Search the material for the word "coordinates" and report each line where it turns up.
★ ★ ★ ★ ★ ★ ★
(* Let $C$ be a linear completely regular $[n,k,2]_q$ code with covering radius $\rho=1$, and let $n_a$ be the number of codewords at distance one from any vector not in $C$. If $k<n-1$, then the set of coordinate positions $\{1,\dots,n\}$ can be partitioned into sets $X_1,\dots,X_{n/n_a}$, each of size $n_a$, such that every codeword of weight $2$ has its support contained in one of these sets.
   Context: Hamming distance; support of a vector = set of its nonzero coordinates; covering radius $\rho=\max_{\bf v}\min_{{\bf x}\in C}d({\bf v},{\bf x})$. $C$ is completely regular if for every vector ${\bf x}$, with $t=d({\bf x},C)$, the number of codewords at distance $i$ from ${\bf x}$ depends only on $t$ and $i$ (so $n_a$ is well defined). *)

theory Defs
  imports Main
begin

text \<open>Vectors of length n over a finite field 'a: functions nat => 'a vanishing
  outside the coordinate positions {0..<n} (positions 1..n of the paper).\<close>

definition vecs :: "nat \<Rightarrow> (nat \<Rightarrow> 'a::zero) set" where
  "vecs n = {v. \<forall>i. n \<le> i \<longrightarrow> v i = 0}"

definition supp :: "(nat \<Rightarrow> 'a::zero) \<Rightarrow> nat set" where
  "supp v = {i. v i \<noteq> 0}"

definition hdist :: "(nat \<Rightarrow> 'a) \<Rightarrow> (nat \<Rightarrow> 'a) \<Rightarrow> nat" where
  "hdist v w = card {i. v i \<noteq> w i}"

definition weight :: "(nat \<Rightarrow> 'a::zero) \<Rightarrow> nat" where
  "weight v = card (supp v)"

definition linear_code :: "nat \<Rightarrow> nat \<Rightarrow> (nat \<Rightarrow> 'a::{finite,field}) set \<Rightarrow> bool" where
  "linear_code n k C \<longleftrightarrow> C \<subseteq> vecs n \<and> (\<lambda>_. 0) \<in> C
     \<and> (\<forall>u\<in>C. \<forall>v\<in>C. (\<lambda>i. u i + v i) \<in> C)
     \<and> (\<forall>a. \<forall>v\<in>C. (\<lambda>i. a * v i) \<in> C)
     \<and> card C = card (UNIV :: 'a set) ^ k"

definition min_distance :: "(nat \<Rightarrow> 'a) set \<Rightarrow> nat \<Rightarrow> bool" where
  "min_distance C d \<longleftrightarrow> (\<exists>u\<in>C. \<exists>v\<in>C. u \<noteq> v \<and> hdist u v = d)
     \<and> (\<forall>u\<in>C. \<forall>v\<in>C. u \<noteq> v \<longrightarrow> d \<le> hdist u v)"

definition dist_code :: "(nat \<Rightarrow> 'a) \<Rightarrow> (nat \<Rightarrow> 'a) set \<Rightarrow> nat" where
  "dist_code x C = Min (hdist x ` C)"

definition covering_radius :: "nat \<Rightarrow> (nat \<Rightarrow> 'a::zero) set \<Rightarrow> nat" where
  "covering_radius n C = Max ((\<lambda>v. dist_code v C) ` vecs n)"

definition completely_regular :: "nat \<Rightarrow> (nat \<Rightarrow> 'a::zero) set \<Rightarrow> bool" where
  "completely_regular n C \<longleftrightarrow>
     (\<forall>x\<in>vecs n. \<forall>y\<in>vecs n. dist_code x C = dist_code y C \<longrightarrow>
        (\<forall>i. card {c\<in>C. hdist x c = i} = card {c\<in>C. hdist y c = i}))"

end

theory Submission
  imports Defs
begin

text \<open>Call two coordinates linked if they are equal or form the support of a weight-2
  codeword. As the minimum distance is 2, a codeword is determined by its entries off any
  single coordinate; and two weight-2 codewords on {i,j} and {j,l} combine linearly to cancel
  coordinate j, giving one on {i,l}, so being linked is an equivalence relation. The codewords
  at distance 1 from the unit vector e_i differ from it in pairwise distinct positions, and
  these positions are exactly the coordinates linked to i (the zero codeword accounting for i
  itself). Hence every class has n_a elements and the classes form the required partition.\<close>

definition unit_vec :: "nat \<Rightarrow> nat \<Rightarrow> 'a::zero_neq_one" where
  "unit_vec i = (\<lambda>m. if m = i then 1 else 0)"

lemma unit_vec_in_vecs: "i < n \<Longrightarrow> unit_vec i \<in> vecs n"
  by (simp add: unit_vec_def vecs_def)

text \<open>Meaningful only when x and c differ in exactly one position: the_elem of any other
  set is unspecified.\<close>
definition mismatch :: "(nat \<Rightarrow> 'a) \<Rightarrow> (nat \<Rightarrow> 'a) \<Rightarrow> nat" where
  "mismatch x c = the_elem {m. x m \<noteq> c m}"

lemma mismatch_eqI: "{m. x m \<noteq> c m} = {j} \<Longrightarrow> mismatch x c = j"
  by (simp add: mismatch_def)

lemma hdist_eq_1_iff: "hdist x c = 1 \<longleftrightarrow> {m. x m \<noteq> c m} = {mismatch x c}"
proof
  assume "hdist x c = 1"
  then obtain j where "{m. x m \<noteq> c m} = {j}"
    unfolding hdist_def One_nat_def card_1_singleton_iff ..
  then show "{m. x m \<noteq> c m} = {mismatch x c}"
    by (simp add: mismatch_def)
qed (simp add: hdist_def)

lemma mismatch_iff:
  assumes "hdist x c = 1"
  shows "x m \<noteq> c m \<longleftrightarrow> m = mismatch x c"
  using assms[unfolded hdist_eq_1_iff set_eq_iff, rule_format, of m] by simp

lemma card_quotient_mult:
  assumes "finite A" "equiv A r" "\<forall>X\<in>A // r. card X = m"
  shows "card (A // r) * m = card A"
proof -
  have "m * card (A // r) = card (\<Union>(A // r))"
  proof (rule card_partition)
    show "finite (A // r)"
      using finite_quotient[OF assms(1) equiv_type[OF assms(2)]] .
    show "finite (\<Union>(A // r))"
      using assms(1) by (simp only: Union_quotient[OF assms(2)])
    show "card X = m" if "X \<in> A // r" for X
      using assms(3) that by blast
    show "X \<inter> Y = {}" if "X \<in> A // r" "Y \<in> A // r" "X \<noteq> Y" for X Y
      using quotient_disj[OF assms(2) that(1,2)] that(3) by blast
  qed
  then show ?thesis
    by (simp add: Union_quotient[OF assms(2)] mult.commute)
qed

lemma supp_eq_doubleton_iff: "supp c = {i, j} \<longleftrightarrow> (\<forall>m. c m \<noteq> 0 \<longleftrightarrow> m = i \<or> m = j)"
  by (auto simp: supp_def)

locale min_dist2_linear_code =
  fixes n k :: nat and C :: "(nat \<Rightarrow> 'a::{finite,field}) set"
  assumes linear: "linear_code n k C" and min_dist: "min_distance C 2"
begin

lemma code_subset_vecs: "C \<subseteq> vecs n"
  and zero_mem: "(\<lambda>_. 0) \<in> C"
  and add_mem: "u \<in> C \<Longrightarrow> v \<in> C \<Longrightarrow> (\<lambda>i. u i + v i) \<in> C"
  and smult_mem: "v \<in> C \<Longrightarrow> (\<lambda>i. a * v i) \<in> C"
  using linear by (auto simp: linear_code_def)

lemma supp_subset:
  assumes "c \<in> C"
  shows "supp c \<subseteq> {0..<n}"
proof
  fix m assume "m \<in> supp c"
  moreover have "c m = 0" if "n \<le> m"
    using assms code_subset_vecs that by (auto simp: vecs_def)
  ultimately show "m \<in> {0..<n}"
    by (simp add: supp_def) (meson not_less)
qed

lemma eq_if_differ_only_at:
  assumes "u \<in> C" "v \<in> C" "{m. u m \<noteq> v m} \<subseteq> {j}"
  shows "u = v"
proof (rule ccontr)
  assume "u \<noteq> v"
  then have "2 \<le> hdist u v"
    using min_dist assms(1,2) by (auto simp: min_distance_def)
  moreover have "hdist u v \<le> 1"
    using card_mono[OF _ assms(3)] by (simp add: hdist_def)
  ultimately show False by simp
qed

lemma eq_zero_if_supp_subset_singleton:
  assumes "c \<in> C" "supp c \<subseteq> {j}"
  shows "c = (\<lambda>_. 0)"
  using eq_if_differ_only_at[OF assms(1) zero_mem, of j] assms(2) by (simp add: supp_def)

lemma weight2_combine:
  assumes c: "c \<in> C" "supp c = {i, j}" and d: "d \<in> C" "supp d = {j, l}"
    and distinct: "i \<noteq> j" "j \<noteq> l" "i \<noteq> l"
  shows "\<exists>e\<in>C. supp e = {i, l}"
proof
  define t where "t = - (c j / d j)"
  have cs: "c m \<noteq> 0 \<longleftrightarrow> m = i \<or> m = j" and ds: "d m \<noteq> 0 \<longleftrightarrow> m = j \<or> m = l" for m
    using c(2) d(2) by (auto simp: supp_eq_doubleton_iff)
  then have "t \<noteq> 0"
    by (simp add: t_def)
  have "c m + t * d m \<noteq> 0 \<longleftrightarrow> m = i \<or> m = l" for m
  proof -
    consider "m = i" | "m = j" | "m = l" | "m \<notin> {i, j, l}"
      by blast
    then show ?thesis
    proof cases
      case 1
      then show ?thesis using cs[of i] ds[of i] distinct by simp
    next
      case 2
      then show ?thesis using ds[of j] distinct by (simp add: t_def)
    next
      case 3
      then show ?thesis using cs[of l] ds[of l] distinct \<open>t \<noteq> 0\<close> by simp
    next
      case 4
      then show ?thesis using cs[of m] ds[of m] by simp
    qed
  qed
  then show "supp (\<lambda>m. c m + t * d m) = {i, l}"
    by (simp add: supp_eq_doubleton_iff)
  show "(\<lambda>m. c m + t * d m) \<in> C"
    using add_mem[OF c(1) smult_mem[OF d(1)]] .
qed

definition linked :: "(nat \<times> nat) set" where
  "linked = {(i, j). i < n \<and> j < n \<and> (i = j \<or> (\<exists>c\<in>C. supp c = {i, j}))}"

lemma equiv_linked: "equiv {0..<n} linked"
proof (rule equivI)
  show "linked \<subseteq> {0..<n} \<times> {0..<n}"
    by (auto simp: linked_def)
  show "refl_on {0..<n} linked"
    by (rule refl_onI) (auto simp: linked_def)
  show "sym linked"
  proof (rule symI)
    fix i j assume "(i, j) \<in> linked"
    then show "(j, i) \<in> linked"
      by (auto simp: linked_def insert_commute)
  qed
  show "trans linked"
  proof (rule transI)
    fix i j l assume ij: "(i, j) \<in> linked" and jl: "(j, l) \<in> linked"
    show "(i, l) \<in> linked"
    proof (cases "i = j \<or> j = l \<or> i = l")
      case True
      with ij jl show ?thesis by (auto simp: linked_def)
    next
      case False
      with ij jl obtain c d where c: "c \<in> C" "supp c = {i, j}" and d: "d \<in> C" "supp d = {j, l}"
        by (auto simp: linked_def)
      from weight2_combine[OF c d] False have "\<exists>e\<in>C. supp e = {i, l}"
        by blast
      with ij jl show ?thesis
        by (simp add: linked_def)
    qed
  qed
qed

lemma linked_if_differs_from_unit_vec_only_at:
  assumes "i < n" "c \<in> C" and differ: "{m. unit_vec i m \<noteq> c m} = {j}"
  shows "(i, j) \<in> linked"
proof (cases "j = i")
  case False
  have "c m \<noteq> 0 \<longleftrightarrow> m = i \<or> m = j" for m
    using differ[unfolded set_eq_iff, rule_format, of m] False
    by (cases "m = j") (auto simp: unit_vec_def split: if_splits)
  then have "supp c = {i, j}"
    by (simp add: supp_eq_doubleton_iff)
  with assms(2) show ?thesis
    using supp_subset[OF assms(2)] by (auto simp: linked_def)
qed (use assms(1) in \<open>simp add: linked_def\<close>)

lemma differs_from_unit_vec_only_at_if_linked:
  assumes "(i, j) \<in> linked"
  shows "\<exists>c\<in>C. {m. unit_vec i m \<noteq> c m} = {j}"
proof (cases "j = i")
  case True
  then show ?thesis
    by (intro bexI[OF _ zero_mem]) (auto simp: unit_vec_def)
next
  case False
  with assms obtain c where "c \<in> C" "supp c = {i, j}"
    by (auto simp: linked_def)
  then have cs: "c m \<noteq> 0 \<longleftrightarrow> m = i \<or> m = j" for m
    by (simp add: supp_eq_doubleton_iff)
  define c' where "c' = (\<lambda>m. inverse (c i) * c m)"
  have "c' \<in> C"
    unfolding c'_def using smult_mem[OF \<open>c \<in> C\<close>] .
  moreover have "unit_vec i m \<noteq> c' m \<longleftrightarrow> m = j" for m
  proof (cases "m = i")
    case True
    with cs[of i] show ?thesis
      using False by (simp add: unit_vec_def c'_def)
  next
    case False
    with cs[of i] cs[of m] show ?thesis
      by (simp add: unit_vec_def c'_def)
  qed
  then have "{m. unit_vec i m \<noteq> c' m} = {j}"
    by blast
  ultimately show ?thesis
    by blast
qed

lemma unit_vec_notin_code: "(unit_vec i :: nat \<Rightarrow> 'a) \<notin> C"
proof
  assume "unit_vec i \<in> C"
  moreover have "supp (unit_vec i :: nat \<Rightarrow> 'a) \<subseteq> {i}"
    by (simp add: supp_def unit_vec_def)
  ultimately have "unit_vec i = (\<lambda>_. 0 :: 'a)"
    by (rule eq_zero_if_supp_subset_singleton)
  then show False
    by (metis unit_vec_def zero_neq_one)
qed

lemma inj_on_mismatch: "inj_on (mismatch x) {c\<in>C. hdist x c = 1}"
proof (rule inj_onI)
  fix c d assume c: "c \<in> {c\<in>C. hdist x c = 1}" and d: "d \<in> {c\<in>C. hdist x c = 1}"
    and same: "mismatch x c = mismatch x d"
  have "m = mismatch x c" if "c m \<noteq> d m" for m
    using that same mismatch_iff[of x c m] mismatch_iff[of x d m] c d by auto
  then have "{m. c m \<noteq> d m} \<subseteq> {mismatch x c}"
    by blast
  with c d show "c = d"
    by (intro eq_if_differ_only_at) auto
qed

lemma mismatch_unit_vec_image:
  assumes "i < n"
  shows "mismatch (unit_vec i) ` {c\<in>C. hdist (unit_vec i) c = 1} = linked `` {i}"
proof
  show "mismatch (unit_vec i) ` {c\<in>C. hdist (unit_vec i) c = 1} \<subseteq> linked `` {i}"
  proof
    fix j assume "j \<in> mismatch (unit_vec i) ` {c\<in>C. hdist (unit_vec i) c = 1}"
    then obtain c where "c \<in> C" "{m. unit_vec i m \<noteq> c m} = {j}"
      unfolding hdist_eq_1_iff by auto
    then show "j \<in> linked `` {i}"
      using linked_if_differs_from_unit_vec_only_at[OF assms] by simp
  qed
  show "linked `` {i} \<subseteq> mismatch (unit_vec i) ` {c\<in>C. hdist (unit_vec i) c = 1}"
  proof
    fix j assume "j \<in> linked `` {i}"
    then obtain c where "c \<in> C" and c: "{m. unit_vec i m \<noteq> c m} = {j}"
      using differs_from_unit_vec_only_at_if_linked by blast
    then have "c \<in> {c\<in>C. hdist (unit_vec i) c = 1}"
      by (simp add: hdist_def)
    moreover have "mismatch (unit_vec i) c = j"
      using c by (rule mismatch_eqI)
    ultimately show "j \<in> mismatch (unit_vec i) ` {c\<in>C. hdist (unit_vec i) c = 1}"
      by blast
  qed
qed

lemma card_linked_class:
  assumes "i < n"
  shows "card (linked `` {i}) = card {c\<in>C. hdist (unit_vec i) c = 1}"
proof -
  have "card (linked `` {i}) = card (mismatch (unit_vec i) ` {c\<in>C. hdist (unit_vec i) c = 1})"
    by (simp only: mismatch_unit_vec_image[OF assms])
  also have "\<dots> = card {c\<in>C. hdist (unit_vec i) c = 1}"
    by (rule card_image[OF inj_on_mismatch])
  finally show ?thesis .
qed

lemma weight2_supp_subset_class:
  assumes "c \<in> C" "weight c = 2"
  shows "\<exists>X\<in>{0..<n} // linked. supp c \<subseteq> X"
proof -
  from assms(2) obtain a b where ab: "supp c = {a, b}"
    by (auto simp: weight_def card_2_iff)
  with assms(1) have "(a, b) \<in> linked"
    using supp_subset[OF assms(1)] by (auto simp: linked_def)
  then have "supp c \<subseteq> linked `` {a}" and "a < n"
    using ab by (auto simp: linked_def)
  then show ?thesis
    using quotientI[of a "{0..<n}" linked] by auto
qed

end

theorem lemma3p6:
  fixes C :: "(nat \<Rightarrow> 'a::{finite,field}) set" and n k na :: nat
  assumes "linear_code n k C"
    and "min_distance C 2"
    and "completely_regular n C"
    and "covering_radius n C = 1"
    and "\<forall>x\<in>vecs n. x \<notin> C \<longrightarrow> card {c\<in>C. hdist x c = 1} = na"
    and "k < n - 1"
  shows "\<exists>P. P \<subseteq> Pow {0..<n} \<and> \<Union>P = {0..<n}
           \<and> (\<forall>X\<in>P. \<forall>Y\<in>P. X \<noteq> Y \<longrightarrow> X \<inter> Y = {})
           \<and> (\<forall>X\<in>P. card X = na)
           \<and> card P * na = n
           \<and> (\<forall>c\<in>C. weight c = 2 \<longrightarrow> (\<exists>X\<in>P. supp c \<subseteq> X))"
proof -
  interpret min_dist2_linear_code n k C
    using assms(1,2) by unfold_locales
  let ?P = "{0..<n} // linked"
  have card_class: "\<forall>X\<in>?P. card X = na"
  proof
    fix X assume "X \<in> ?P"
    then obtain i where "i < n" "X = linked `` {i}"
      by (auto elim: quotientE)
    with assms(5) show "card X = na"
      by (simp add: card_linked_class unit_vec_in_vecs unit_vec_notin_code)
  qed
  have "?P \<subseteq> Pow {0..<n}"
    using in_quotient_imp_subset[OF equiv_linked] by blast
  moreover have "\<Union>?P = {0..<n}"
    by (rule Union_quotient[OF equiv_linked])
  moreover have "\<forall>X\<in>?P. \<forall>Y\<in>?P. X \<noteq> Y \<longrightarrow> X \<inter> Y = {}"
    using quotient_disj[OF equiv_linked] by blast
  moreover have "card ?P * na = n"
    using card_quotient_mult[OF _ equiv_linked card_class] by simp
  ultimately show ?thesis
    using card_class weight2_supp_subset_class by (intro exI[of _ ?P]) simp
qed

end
★ ★ ★ ★ ★ ★ ★
- _RESULT OF THIS EXERCISE_
   Context: Hamming distance; support of a vector = set of its nonzero coordinates; covering radius $\rho=\max_{\bf v}\min_{{\bf x}\in C}d({\bf v},{\bf x})$. $C$ is completely regular if for every vector ${\bf x}$, with $t=d({\bf x},C)$, the number of codewords at distance $i$ from ${\bf x}$ depends only on $t$ and $i$ (so $n_a$ is well defined). *)
text \<open>Call two coordinates linked if they are equal or form the support of a weight-2
  these positions are exactly the coordinates linked to i (the zero codeword accounting for i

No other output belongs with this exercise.